School of Software Engineering, South China University of Technology, Guangzhou, China.
School of Data Science and Information Engineering, Guizhou Minzu University, Guiyang, China.
BMC Genomics. 2024 Nov 9;25(1):1062. doi: 10.1186/s12864-024-10978-9.
Sequencing-based genetic testing is widely used in biomedical research, including pathogenic microorganism detection with metagenomic next-generation sequencing (mNGS). The application of sequencing results to clinical diagnosis and treatment relies on various interpretation knowledge bases. Currently, the existing knowledge bases are primarily built through manual knowledge extraction. This method requires professionals to read extensive literature and extract relevant knowledge from it, which is time-consuming and costly. Furthermore, manual extraction unavoidably introduces subjective biases. In this study, we aimed to automatically extract knowledge for interpreting mNGS results.
We propose a novel approach to automatically extract pathogenic microorganism knowledge based on the question-answer (QA) model. First, we construct a MicrobeDB dataset since there is no available pathogenic microorganism QA dataset for training the model. The created dataset contains 3,161 samples from 618 published papers covering 224 pathogenic microorganisms.

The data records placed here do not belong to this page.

(* Let $x_0\ge x_1\ge\cdots\ge x_t$ be a non-increasing sequence of reals and let $f$ be a nonnegative, non-decreasing, continuously differentiable function on $[x_t,x_0]$ such that $x_n-x_{n+1}\ge f(x_{n+1})$ for all $n=0,1,\dots,t-1$. Then $\ln\frac{f(x_0)}{f(x_t)}+\int_{x_t}^{x_0}\frac{1}{f(x)}\,dx\ge t$. *)

theory Defs
  imports "HOL-Analysis.Analysis"
begin

end

theory Submission
  imports Defs
begin

text \<open>
  The quantity \<open>\<Phi>(a, b) = ln (f b / f a) + \<integral>\<^sub>a\<^sup>b 1/f\<close> is additive over adjacent intervals,
  so it suffices that each step contributes at least 1. On a step \<open>[a, b]\<close> with \<open>b - a \<ge> f a\<close>,
  monotonicity of \<open>f\<close> bounds the integral below by \<open>(b - a) / f b \<ge> r\<close>, where \<open>r = f a / f b\<close>,
  while the logarithm equals \<open>-ln r \<ge> 1 - r\<close>.
\<close>

definition log_integral_potential :: "(real \<Rightarrow> real) \<Rightarrow> real \<Rightarrow> real \<Rightarrow> real" where
  "log_integral_potential f a b = ln (f b / f a) + integral {a..b} (\<lambda>y. 1 / f y)"

lemma mono_on_pos_on_atLeastAtMost:
  fixes f :: "real \<Rightarrow> real"
  assumes "mono_on {a..b} f" "f a > 0" "y \<in> {a..b}"
  shows "f y > 0"
  using assms mono_onD[of "{a..b}" f a y] by fastforce

lemma inverse_integrable_on_mono_on:
  fixes f :: "real \<Rightarrow> real"
  assumes mono: "mono_on {a..b} f" and pos: "f a > 0"
  shows "(\<lambda>y. 1 / f y) integrable_on {a..b}"
proof -
  have "mono_on {a..b} (\<lambda>y. - (1 / f y))"
  proof (rule mono_onI)
    fix r s assume "r \<in> {a..b}" "s \<in> {a..b}" "r \<le> s"
    then show "- (1 / f r) \<le> - (1 / f s)"
      using mono mono_on_pos_on_atLeastAtMost[OF mono pos] by (simp add: frac_le mono_onD)
  qed
  then have "(\<lambda>y. - (1 / f y)) integrable_on {a..b}"
    by (rule integrable_on_mono_on)
  then show ?thesis
    using integrable_neg by fastforce
qed

lemma log_integral_potential_add:
  fixes f :: "real \<Rightarrow> real"
  assumes "a \<le> b" "b \<le> c" and mono: "mono_on {a..c} f" and pos: "f a > 0"
  shows "log_integral_potential f a c = log_integral_potential f a b + log_integral_potential f b c"
proof -
  have "f b > 0" "f c > 0"
    using assms mono_on_pos_on_atLeastAtMost by auto
  then have "ln (f c / f a) = ln (f b / f a) + ln (f c / f b)"
    using pos by (simp add: ln_div)
  moreover have "integral {a..c} (\<lambda>y. 1 / f y)
      = integral {a..b} (\<lambda>y. 1 / f y) + integral {b..c} (\<lambda>y. 1 / f y)"
    using Henstock_Kurzweil_Integration.integral_combine[OF assms(1,2) inverse_integrable_on_mono_on[OF mono pos]] by simp
  ultimately show ?thesis
    unfolding log_integral_potential_def by simp
qed

lemma log_integral_potential_step_ge_one:
  fixes f :: "real \<Rightarrow> real"
  assumes mono: "mono_on {a..b} f" and pos: "f a > 0" and step: "f a \<le> b - a"
  shows "log_integral_potential f a b \<ge> 1"
proof -
  have "a \<le> b"
    using pos step by simp
  then have fb: "f b > 0"
    using mono pos mono_on_pos_on_atLeastAtMost by auto
  define r where "r = f a / f b"
  have r: "r > 0"
    using pos fb by (simp add: r_def)
  have "ln (f b / f a) = - ln r"
    using pos fb by (simp add: r_def ln_div)
  also have "\<dots> \<ge> 1 - r"
    using ln_le_minus_one[OF r] by simp
  finally have ln_ge: "ln (f b / f a) \<ge> 1 - r" .
  have "r \<le> (b - a) / f b"
    using step fb by (simp add: r_def divide_right_mono)
  also have "\<dots> = integral {a..b} (\<lambda>y. 1 / f b)"
    using \<open>a \<le> b\<close> by simp
  also have "\<dots> \<le> integral {a..b} (\<lambda>y. 1 / f y)"
  proof (rule integral_le)
    show "(\<lambda>y. 1 / f y) integrable_on {a..b}"
      using mono pos by (rule inverse_integrable_on_mono_on)
    show "1 / f b \<le> 1 / f y" if "y \<in> {a..b}" for y
      using that mono_onD[OF mono, of y b] mono_on_pos_on_atLeastAtMost[OF mono pos that] \<open>a \<le> b\<close>
      by (simp add: frac_le)
  qed (simp_all add: integrable_const_ivl)
  finally show ?thesis
    using ln_ge unfolding log_integral_potential_def by simp
qed

lemma chain_antimono:
  fixes x :: "nat \<Rightarrow> 'a::preorder"
  assumes "\<And>n. n < t \<Longrightarrow> x (Suc n) \<le> x n" "i \<le> j" "j \<le> t"
  shows "x j \<le> x i"
  using assms(2,3)
proof (induction j rule: dec_induct)
  case (step j)
  have "x (Suc j) \<le> x j"
    using assms(1) step.prems by simp
  with step.IH step.prems show ?case
    by (meson Suc_leD order_trans)
qed simp

lemma log_integral_potential_chain_ge:
  fixes x :: "nat \<Rightarrow> real" and f :: "real \<Rightarrow> real"
  assumes noninc: "\<And>n. n < t \<Longrightarrow> x (Suc n) \<le> x n"
    and mono: "mono_on {x t..x 0} f" and pos: "f (x t) > 0"
    and step: "\<And>n. n < t \<Longrightarrow> x n - x (Suc n) \<ge> f (x (Suc n))"
  shows "log_integral_potential f (x t) (x 0) \<ge> real t"
proof -
  have "log_integral_potential f (x m) (x 0) \<ge> real m" if "m \<le> t" for m
    using that
  proof (induction m)
    case 0
    then show ?case
      by (simp add: log_integral_potential_def)
  next
    case (Suc m)
    have bounds: "x t \<le> x (Suc m)" "x (Suc m) \<le> x m" "x m \<le> x 0"
      using Suc.prems chain_antimono[of t x, OF noninc] by auto
    have mono': "mono_on {x (Suc m)..x 0} f"
      using mono bounds by (auto intro: mono_on_subset)
    have pos': "f (x (Suc m)) > 0"
      using mono pos bounds order_trans[OF bounds(2,3)]
      by (auto intro: mono_on_pos_on_atLeastAtMost)
    have "log_integral_potential f (x (Suc m)) (x m) \<ge> 1"
      using mono' bounds pos' step[of m] Suc.prems
      by (intro log_integral_potential_step_ge_one) (auto intro: mono_on_subset)
    then show ?case
      using log_integral_potential_add[OF bounds(2,3) mono' pos'] Suc by simp
  qed
  then show ?thesis
    by simp
qed

text \<open>Only monotonicity and \<open>f (x t) > 0\<close> are needed: \<open>1/f\<close> is then monotone, hence integrable.\<close>

theorem mainTheorem9:
  fixes x :: "nat \<Rightarrow> real" and t :: nat and f :: "real \<Rightarrow> real"
  assumes noninc: "\<And>n. n < t \<Longrightarrow> x (Suc n) \<le> x n"
    and nonneg: "\<And>y. y \<in> {x t..x 0} \<Longrightarrow> f y \<ge> 0"
    and pos_end: "f (x t) > 0"
    and mono: "mono_on {x t..x 0} f"
    and C1: "\<exists>f'. (\<forall>y\<in>{x t..x 0}. (f has_real_derivative f' y) (at y within {x t..x 0}))
                   \<and> continuous_on {x t..x 0} f'"
    and step: "\<And>n. n < t \<Longrightarrow> x n - x (Suc n) \<ge> f (x (Suc n))"
  shows "ln (f (x 0) / f (x t)) + integral {x t..x 0} (\<lambda>y. 1 / f y) \<ge> real t"
  using log_integral_potential_chain_ge[OF noninc mono pos_end step]
  unfolding log_integral_potential_def .

end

Then, we fine-tune the selected baseline model based on MicrobeDB. Finally, we utilize ChatGPT to enhance the diversity of training data, and employ data expansion to increase training data volume.
Our method achieves an Exact Match (EM) and F1 score of 88.39% and 93.18%, respectively, on the MicrobeDB test set. We also conduct ablation studies on the proposed data augmentation method. In addition, we perform comparative experiments with the ChatPDF tool based on the ChatGPT API to demonstrate the effectiveness of the proposed method.
Our method is effective and valuable for extracting pathogenic microorganism knowledge.
基于测序的基因检测广泛应用于生物医学研究,包括宏基因组下一代测序(mNGS)检测致病微生物。测序结果在临床诊断和治疗中的应用依赖于各种解释知识库。目前,现有的知识库主要是通过手动知识提取构建的。这种方法需要专业人员阅读大量文献并从中提取相关知识,既耗时又昂贵。此外,手动提取不可避免地会引入主观偏见。在这项研究中,我们旨在自动提取 mNGS 结果的解释知识。
我们提出了一种基于问答(QA)模型自动提取致病微生物知识的新方法。首先,我们构建了一个 MicrobeDB 数据集,因为目前没有可用的致病微生物 QA 数据集来训练模型。创建的数据集包含 3161 个样本,来自 618 篇已发表的论文,涵盖 224 种致病微生物。然后,我们根据 MicrobeDB 微调选定的基线模型。最后,我们利用 ChatGPT 来增强训练数据的多样性,并采用数据扩展来增加训练数据量。
我们的方法在 MicrobeDB 测试集上的精确匹配(EM)和 F1 分数分别达到 88.39%和 93.18%。我们还对所提出的数据增强方法进行了消融研究。此外,我们还基于 ChatGPT API 与 ChatPDF 工具进行了对比实验,以证明所提出方法的有效性。
我们的方法对于提取致病微生物知识是有效和有价值的。